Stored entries
text \<open>
  Since \<open>f\<close> is not a.e. zero, \<open>f\<^sup>* \<ge> c > 0\<close> on an initial interval \<open>[0, t\<^sub>0]\<close>.
  Averages of \<open>f\<^sup>*\<close> over level intervals inherit this bound, so \<open>(f\<^sup>*)\<^sup>0/w \<ge> c/w(0)\<close> on
  \<open>(0, t\<^sub>0]\<close>, and the rearrangement of \<open>p(k(f\<^sup>*)\<^sup>0/w)\<close> is at least \<open>p(kc/w(0))\<close> on
  \<open>[0, t\<^sub>0)\<close>. Young's inequality \<open>\<phi>\<^sub>*(v) \<ge> v - \<phi>(1)\<close> turns this into the lower bound
  \<open>(p(kc/w(0)) - \<phi>(1)) w(t\<^sub>0) t\<^sub>0\<close> for the modular, which exceeds 1 for large \<open>k\<close> because
  \<open>p(u) \<ge> \<phi>(u)/u \<rightarrow> \<infinity>\<close>.

  The rearrangement only sees measurable superlevel sets, so \<open>(f\<^sup>*)\<^sup>0/w\<close> must be shown
  measurable: two overlapping level intervals unite to a level interval, hence distinct maximal
  level intervals are disjoint and there are only countably many of them.
\<close>

lemma convex_on_right_deriv_slope:
  fixes \<phi> p :: "real \<Rightarrow> real"
  assumes cvx: "convex_on {0..} \<phi>"
    and der: "\<forall>u\<ge>0. ((\<lambda>h. (\<phi> (u + h) - \<phi> u) / h) \<longlongrightarrow> p u) (at_right 0)"
    and xy: "0 \<le> x" "x < y"
  shows "p x \<le> (\<phi> y - \<phi> x) / (y - x)" and "(\<phi> y - \<phi> x) / (y - x) \<le> p y"
proof -
  have slope_sym: "(\<phi> x - \<phi> y) / (x - y) = (\<phi> y - \<phi> x) / (y - x)"
    by (metis minus_diff_eq minus_divide_divide)
  have "eventually (\<lambda>h. h \<in> {0<..<y - x}) (at_right (0::real))"
    using eventually_at_right_real[of 0 "y - x"] xy by simp
  then have "eventually (\<lambda>h. (\<phi> (x + h) - \<phi> x) / h \<le> (\<phi> y - \<phi> x) / (y - x)) (at_right 0)"
  proof (rule eventually_mono)
    fix h assume h: "h \<in> {0<..<y - x}"
    have "(\<phi> x - \<phi> (x + h)) / (x - (x + h)) \<le> (\<phi> x - \<phi> y) / (x - y)"
      using convex_on_slope_le(1)[OF cvx, of x y "x + h"] xy h by auto
    moreover have "(\<phi> x - \<phi> (x + h)) / (x - (x + h)) = (\<phi> (x + h) - \<phi> x) / h"
      using h by (simp add: field_simps)
    ultimately show "(\<phi> (x + h) - \<phi> x) / h \<le> (\<phi> y - \<phi> x) / (y - x)"
      by (simp add: slope_sym)
  qed
  then show "p x \<le> (\<phi> y - \<phi> x) / (y - x)"
    using der xy by (intro tendsto_upperbound[of _ "p x" "at_right 0"]) auto
  have "eventually (\<lambda>h. (\<phi> y - \<phi> x) / (y - x) \<le> (\<phi> (y + h) - \<phi> y) / h) (at_right 0)"
  proof (rule eventually_mono[OF eventually_at_right_less])
    fix h :: real assume h: "0 < h"
    have "(\<phi> x - \<phi> y) / (x - y) \<le> (\<phi> x - \<phi> (y + h)) / (x - (y + h))"
      using convex_on_slope_le(1)[OF cvx, of x "y + h" y] xy h by auto
    also have "\<dots> \<le> (\<phi> y - \<phi> (y + h)) / (y - (y + h))"
      using convex_on_slope_le(2)[OF cvx, of x "y + h" y] xy h by auto
    also have "\<dots> = (\<phi> (y + h) - \<phi> y) / h"
      using h by (simp add: field_simps)
    finally show "(\<phi> y - \<phi> x) / (y - x) \<le> (\<phi> (y + h) - \<phi> y) / h"
      by (simp add: slope_sym)
  qed
  then show "(\<phi> y - \<phi> x) / (y - x) \<le> p y"
    using der xy by (intro tendsto_lowerbound[of _ "p y" "at_right 0"]) auto
qed

lemma convex_on_right_deriv_mono:
  fixes \<phi> p :: "real \<Rightarrow> real"
  assumes "convex_on {0..} \<phi>"
    and "\<forall>u\<ge>0. ((\<lambda>h. (\<phi> (u + h) - \<phi> u) / h) \<longlongrightarrow> p u) (at_right 0)"
    and "0 \<le> x" "x \<le> y"
  shows "p x \<le> p y"
  using convex_on_right_deriv_slope[OF assms(1,2), of x y] assms(3,4)
  by (cases "x = y") auto

lemma N_fun_ratio_le_right_deriv:
  fixes \<phi> p :: "real \<Rightarrow> real"
  assumes "N_fun \<phi>"
    and "\<forall>u\<ge>0. ((\<lambda>h. (\<phi> (u + h) - \<phi> u) / h) \<longlongrightarrow> p u) (at_right 0)"
    and "0 < u"
  shows "\<phi> u / u \<le> p u"
  using convex_on_right_deriv_slope(2)[of \<phi> p 0 u] assms
  by (simp add: N_fun_def Orlicz_fun_def)

lemma N_fun_ratio_eventually_ge:
  assumes "N_fun \<phi>"
  obtains U where "0 < U" "\<And>u. U \<le> u \<Longrightarrow> M \<le> \<phi> u / u"
proof -
  have "eventually (\<lambda>u. M \<le> \<phi> u / u) at_top"
    using assms by (simp add: N_fun_def filterlim_at_top)
  then obtain N where "\<And>u. N \<le> u \<Longrightarrow> M \<le> \<phi> u / u"
    by (auto simp: eventually_at_top_linorder)
  then show thesis by (intro that[of "max N 1"]) auto
qed

lemma bdd_above_compl_fun:
  assumes "N_fun \<phi>" "0 \<le> y"
  shows "bdd_above ((\<lambda>u. u * y - \<phi> u) ` {0<..})"
proof -
  obtain U where U: "0 < U" "\<And>u. U \<le> u \<Longrightarrow> y + 1 \<le> \<phi> u / u"
    using N_fun_ratio_eventually_ge[OF assms(1)] by blast
  have pos: "0 < \<phi> u" if "0 < u" for u
    using assms(1) that by (simp add: N_fun_def Orlicz_fun_def)
  show ?thesis
  proof (rule bdd_aboveI2)
    fix u :: real assume u: "u \<in> {0<..}"
    show "u * y - \<phi> u \<le> U * y"
    proof (cases "U \<le> u")
      case True
      then have "(y + 1) * u \<le> \<phi> u" using U by (simp add: pos_le_divide_eq)
      moreover have "0 \<le> U * y" using U(1) assms(2) by simp
      ultimately show ?thesis using u by (simp add: algebra_simps)
    next
      case False
      then have "u * y \<le> U * y" using assms(2) by (simp add: mult_right_mono)
      then show ?thesis using pos[of u] u by simp
    qed
  qed
qed

lemma compl_fun_ge:
  assumes "N_fun \<phi>" "0 \<le> y"
  shows "y - \<phi> 1 \<le> compl_fun \<phi> y"
  unfolding compl_fun_def
  using cSUP_upper[OF _ bdd_above_compl_fun[OF assms], of 1] by simp

lemma mono_extE:
  assumes "\<And>x y. 0 \<le> x \<Longrightarrow> x \<le> y \<Longrightarrow> p x \<le> p y"
  shows "mono (extE p)"
proof (rule monoI)
  fix x y :: ennreal assume "x \<le> y"
  show "extE p x \<le> extE p y"
  proof (cases "y = \<infinity>")
    case False
    then have "x \<noteq> \<infinity>" and "enn2real x \<le> enn2real y"
      using \<open>x \<le> y\<close> by (auto simp: top_unique enn2real_mono less_top)
    then show ?thesis
      using False assms[of "enn2real x" "enn2real y"] by (simp add: extE_def ennreal_leI)
  qed (simp add: extE_def)
qed

lemma borel_measurable_mono_ennreal:
  fixes h :: "ennreal \<Rightarrow> ennreal"
  assumes "mono h"
  shows "h \<in> borel_measurable borel"
proof (rule borel_measurableI_greater)
  fix y
  define S where "S = {x. y < h x}"
  have up: "z \<in> S" if "x \<in> S" "x \<le> z" for x z
    using that monoD[OF assms] by (auto simp: S_def intro: order_less_le_trans)
  have "S = {Inf S..} \<or> S = {Inf S<..}"
  proof (cases "Inf S \<in> S")
    case True
    then show ?thesis using up by (auto intro: Inf_lower)
  next
    case False
    have "S = {Inf S<..}"
    proof (intro set_eqI iffI)
      fix x assume "x \<in> S"
      then show "x \<in> {Inf S<..}" using False Inf_lower[of x S] by (cases "x = Inf S") auto
    next
      fix x assume "x \<in> {Inf S<..}"
      then obtain s where "s \<in> S" "s < x" by (auto simp: Inf_less_iff)
      then show "x \<in> S" using up by auto
    qed
    then show ?thesis ..
  qed
  then have "S \<in> sets borel" by (metis borel_closed borel_open closed_atLeast open_greaterThan)
  then show "{x \<in> space borel. y < h x} \<in> sets borel"
    by (simp add: S_def)
qed

lemma ennreal_le_divideI:
  fixes a b c :: ennreal
  assumes "a * b \<le> c" "b \<noteq> 0" "b \<noteq> \<infinity>"
  shows "a \<le> c / b"
proof -
  have "a = a * b / b" using assms(2,3) by (simp add: mult_divide_eq_ennreal)
  also have "\<dots> \<le> c / b" using assms(1) by (rule divide_right_mono_ennreal)
  finally show ?thesis .
qed

lemma nn_integral_Ioc_split:
  fixes h :: "real \<Rightarrow> ennreal"
  assumes "h \<in> borel_measurable borel" "x \<le> y" "y \<le> z"
  shows "(\<integral>\<^sup>+ t\<in>{x<..z}. h t \<partial>lborel)
      = (\<integral>\<^sup>+ t\<in>{x<..y}. h t \<partial>lborel) + (\<integral>\<^sup>+ t\<in>{y<..z}. h t \<partial>lborel)"
proof -
  have "{x<..z} = {x<..y} \<union> {y<..z}" using assms(2,3) by auto
  then show ?thesis using assms(1) by (simp add: nn_integral_disjoint_pair)
qed

lemma zero_in_Iset: "0 < \<gamma> \<Longrightarrow> 0 \<in> Iset \<gamma>"
  by (simp add: Iset_def zero_ereal_def)

lemma Iset_downward_closed: "0 \<le> s \<Longrightarrow> s \<le> t \<Longrightarrow> t \<in> Iset \<gamma> \<Longrightarrow> s \<in> Iset \<gamma>"
  by (auto simp: Iset_def) (meson ereal_less_eq(3) order_le_less_trans)

lemma Iset_borel: "Iset \<gamma> \<in> sets borel"
proof -
  have "is_interval (Iset \<gamma>)"
    unfolding is_interval_1 Iset_def
    by (auto, meson ereal_less_eq(3) order_le_less_trans)
  then show ?thesis by (rule real_interval_borel_measurable)
qed

lemma Iset_exists_below:
  assumes "0 < \<gamma>" "0 < m"
  obtains t where "0 < t" "t \<in> Iset \<gamma>" "ennreal t < m"
proof -
  obtain z :: ennreal where z: "0 < z" "z < m" using dense[OF assms(2)] by blast
  obtain e :: ereal where e: "0 < e" "e < \<gamma>" using dense[OF assms(1)] by blast
  obtain r where r: "0 < r" "ennreal r < m"
    using z by (cases z rule: ennreal_cases) auto
  obtain s where s: "0 < s" "ereal s < \<gamma>"
    using e by (cases e) auto
  show thesis
  proof (rule that[of "min r s"])
    have "ereal (min r s) \<le> ereal s" by simp
    then show "min r s \<in> Iset \<gamma>"
      using s r by (auto simp: Iset_def intro: min.strict_coboundedI2)
    show "ennreal (min r s) < m"
      using r by (meson ennreal_leI min.cobounded1 order_le_less_trans)
  qed (use r s in auto)
qed

lemma pos_measure_level_set:
  fixes f :: "'a \<Rightarrow> real"
  assumes f: "f \<in> borel_measurable M" and nonzero: "\<not> (AE x in M. f x = 0)"
  obtains c where "0 < c" "0 < emeasure M {x \<in> space M. c < \<bar>f x\<bar>}"
proof -
  define A where "A n = {x \<in> space M. inverse (real (Suc n)) < \<bar>f x\<bar>}" for n
  have A_sets: "A n \<in> sets M" for n
    using f unfolding A_def by measurable
  have "{x \<in> space M. f x \<noteq> 0} = (\<Union>n. A n)"
  proof (intro set_eqI iffI)
    fix x assume x: "x \<in> {x \<in> space M. f x \<noteq> 0}"
    then obtain n where "inverse (real (Suc n)) < \<bar>f x\<bar>"
      using reals_Archimedean[of "\<bar>f x\<bar>"] by auto
    then show "x \<in> (\<Union>n. A n)" using x by (auto simp: A_def)
  qed (auto simp: A_def)
  moreover have "emeasure M {x \<in> space M. f x \<noteq> 0} \<noteq> 0"
    using nonzero AE_iff_measurable[of "{x \<in> space M. f x \<noteq> 0}" M "\<lambda>x. f x = 0"] f by auto
  ultimately obtain n where "emeasure M (A n) \<noteq> 0"
    using emeasure_UN_eq_0[of M A] A_sets by auto
  then show thesis
    by (intro that[of "inverse (real (Suc n))"]) (auto simp: A_def zero_less_iff_neq_zero)
qed

lemma rearr_antimono: "s \<le> t \<Longrightarrow> rearr \<gamma> F t \<le> rearr \<gamma> F s"
  unfolding rearr_def by (rule Inf_superset_mono) (auto intro: order_trans ennreal_leI)

lemma rearr_borel_measurable: "rearr \<gamma> F \<in> borel_measurable borel"
proof (rule borel_measurableI_greater)
  fix y
  have "is_interval {x. y < rearr \<gamma> F x}"
    unfolding is_interval_1 using rearr_antimono by (blast intro: order_less_le_trans)
  then show "{x \<in> space borel. y < rearr \<gamma> F x} \<in> sets borel"
    by (simp add: real_interval_borel_measurable)
qed

lemma rearr_ge:
  assumes F: "F \<in> borel_measurable (lebesgue_on (Iset \<gamma>))"
    and A: "A \<in> sets (lebesgue_on (Iset \<gamma>))" "ennreal t < emeasure (lebesgue_on (Iset \<gamma>)) A"
    and ge: "\<And>x. x \<in> A \<Longrightarrow> c \<le> F x"
  shows "c \<le> rearr \<gamma> F t"
  unfolding rearr_def
proof (rule Inf_greatest)
  fix s assume "s \<in> {s. emeasure (lebesgue_on (Iset \<gamma>)) {x \<in> Iset \<gamma>. s < F x} \<le> ennreal t}"
  then have s: "emeasure (lebesgue_on (Iset \<gamma>)) {x \<in> Iset \<gamma>. s < F x} \<le> ennreal t" by simp
  show "c \<le> s"
  proof (rule ccontr)
    assume "\<not> c \<le> s"
    then have "s < c" by simp
    moreover have "A \<subseteq> Iset \<gamma>" using sets.sets_into_space[OF A(1)] by simp
    ultimately have "A \<subseteq> {x \<in> Iset \<gamma>. s < F x}" using ge by (auto intro: less_le_trans)
    moreover have "{x \<in> space (lebesgue_on (Iset \<gamma>)). s < F x} \<in> sets (lebesgue_on (Iset \<gamma>))"
      using F by measurable
    ultimately have "emeasure (lebesgue_on (Iset \<gamma>)) A
        \<le> emeasure (lebesgue_on (Iset \<gamma>)) {x \<in> Iset \<gamma>. s < F x}"
      by (intro emeasure_mono) auto
    with s A(2) show False by simp
  qed
qed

#### YOUR GOAL:
Could you work out how many lines above contain the string "this"? Only the number should be given.

#### ANSWER BOX:
2